**What to work on**
Search each line of the data for the word "thesis"; copy every line where it is found.

**Dataset records**
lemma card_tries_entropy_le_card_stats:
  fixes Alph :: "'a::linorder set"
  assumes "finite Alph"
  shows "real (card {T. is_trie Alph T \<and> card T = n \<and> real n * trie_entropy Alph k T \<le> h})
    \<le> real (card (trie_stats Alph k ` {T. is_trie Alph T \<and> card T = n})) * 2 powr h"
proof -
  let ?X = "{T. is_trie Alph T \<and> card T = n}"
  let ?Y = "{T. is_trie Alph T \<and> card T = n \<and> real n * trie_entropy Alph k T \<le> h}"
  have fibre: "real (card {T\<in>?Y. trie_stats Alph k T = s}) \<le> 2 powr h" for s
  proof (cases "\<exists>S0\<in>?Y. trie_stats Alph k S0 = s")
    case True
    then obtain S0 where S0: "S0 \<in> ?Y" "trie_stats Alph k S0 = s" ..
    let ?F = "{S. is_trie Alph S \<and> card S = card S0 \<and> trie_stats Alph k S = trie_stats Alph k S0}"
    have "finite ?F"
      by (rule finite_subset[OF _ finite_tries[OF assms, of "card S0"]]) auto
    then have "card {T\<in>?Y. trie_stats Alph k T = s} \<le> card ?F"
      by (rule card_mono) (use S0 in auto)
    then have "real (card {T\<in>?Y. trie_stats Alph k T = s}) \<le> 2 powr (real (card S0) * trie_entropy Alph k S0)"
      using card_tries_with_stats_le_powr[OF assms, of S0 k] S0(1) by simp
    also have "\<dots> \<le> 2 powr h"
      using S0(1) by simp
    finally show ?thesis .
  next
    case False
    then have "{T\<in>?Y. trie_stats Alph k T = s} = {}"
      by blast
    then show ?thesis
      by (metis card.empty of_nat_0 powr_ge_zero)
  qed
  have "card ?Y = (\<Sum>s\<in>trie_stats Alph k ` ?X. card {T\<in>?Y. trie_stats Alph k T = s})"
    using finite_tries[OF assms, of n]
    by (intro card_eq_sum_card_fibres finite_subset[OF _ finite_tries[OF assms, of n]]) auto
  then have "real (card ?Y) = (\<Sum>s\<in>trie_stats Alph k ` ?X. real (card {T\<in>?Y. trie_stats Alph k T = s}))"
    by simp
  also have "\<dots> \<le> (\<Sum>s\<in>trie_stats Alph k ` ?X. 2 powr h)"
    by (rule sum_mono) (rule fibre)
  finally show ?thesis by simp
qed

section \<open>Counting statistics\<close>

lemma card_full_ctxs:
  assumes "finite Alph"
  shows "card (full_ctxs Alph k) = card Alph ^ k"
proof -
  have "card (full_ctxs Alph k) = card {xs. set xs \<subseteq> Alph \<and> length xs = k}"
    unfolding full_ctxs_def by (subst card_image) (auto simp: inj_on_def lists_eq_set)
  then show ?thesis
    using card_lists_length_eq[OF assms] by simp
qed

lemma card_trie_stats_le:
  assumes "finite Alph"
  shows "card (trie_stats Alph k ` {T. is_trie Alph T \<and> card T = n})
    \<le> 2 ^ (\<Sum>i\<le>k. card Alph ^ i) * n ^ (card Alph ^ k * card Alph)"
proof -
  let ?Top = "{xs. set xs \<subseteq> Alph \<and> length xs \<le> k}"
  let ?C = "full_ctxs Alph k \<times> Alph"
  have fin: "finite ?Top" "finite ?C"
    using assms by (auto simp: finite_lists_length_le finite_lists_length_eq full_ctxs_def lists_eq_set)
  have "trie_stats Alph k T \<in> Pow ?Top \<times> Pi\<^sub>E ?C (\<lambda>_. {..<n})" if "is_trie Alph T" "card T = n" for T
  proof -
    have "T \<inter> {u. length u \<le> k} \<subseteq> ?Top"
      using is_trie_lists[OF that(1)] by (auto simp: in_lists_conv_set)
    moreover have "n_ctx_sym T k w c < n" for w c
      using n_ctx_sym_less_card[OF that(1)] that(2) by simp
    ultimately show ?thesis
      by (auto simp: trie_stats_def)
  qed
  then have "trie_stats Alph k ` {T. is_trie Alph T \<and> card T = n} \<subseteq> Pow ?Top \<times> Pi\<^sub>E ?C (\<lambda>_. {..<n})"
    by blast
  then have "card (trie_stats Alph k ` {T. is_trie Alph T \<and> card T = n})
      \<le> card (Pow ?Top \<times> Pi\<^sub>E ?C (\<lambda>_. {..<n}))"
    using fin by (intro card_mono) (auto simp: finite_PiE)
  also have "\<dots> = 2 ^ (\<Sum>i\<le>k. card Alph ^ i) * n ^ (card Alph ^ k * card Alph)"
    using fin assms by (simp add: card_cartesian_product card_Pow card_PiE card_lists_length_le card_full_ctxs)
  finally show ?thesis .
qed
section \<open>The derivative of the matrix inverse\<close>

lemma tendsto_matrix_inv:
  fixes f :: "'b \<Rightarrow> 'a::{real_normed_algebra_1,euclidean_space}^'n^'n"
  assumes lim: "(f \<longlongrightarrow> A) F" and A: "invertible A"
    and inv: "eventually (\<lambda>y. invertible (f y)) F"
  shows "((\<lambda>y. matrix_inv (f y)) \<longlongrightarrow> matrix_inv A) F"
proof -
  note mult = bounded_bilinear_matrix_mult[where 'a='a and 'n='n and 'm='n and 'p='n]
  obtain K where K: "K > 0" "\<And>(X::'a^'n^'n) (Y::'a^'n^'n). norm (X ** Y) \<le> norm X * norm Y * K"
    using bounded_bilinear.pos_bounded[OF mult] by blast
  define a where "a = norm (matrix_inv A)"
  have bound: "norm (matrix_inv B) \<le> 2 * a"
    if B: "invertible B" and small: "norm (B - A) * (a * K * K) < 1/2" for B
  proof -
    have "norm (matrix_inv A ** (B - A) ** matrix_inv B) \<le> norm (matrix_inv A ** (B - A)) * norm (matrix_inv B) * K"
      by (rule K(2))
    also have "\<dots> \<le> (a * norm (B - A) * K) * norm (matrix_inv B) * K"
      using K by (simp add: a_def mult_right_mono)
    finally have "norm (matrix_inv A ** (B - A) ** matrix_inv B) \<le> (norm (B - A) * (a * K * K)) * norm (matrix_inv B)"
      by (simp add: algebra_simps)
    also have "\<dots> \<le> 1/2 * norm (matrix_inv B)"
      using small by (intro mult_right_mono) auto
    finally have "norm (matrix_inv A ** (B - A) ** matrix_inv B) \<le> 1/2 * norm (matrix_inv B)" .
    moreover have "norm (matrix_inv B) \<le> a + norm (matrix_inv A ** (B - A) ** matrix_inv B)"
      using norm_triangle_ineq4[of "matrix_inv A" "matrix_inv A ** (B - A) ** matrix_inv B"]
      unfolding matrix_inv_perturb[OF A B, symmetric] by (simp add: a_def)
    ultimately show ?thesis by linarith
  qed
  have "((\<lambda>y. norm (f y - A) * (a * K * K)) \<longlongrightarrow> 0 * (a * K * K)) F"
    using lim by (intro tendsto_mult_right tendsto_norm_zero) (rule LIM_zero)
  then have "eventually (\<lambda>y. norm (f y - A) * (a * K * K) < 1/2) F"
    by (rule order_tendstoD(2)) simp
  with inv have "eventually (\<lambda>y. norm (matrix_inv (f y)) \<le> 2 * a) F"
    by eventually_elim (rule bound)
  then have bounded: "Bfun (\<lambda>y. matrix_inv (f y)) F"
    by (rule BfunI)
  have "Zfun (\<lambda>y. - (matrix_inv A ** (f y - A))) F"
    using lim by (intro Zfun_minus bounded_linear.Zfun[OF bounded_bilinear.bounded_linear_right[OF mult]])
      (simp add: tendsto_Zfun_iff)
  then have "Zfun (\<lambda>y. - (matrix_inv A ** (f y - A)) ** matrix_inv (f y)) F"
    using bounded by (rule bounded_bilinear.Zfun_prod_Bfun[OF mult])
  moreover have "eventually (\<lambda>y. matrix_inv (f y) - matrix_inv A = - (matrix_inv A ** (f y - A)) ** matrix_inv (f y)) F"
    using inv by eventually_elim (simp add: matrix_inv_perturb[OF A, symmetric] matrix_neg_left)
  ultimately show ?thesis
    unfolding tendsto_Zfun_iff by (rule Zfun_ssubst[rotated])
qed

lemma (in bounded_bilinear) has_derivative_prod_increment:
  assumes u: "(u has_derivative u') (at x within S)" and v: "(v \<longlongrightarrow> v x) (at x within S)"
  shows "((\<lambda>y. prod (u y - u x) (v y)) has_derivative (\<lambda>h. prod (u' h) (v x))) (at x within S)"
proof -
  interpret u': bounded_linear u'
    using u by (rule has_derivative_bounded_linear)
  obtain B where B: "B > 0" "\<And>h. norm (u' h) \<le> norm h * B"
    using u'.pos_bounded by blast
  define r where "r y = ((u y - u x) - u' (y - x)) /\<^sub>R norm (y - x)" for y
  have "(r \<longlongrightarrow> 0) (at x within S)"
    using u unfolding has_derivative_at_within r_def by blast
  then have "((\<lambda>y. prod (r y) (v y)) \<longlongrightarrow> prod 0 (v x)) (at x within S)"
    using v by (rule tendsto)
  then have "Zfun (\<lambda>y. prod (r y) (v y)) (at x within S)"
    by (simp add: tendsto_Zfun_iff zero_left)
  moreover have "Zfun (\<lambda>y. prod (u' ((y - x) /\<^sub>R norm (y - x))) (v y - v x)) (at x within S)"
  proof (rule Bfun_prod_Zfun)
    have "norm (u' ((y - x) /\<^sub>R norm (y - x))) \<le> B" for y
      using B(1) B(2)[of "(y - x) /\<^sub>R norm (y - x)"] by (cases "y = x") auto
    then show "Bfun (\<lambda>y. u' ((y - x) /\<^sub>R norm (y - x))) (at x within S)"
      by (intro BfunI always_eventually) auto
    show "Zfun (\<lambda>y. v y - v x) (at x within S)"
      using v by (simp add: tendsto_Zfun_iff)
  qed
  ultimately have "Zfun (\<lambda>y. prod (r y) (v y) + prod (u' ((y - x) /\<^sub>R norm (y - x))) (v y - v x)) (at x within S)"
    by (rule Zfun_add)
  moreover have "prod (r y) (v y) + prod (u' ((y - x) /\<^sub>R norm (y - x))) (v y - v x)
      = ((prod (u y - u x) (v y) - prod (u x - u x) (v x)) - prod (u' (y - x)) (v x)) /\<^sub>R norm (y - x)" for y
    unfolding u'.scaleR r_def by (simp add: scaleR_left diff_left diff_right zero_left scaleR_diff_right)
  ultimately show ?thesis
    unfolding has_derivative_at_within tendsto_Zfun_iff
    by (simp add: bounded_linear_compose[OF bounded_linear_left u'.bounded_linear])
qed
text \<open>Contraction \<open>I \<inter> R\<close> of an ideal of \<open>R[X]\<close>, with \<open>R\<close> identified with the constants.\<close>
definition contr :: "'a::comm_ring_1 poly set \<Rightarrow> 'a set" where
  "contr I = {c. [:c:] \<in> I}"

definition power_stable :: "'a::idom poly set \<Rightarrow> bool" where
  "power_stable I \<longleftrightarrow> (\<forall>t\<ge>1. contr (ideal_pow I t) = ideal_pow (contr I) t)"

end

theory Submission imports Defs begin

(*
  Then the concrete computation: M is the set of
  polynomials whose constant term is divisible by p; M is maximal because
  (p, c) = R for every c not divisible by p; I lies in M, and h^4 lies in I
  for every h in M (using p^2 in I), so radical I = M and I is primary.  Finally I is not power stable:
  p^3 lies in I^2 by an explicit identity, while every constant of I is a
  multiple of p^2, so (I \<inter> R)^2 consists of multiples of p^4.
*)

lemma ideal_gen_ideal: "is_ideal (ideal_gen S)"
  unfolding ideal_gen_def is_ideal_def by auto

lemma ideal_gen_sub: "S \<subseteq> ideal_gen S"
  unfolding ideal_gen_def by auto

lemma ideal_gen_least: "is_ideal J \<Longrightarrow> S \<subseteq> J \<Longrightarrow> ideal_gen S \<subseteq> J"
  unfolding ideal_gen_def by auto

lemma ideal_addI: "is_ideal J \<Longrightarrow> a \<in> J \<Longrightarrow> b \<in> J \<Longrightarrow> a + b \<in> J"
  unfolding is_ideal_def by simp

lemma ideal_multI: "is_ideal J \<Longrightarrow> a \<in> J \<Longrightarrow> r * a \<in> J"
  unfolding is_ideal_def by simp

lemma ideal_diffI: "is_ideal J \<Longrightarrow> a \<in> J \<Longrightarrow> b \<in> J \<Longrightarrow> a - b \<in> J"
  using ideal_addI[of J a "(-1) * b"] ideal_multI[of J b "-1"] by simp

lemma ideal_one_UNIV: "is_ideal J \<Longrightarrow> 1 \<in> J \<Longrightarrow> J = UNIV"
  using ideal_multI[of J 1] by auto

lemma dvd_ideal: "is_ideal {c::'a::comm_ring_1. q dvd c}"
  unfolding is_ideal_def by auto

**Solution for this exercise**
    finally show ?thesis .
    then show ?thesis
  finally show ?thesis by simp
  then show ?thesis
    ultimately show ?thesis
  finally show ?thesis .
    ultimately show ?thesis by linarith
  ultimately show ?thesis
  ultimately show ?thesis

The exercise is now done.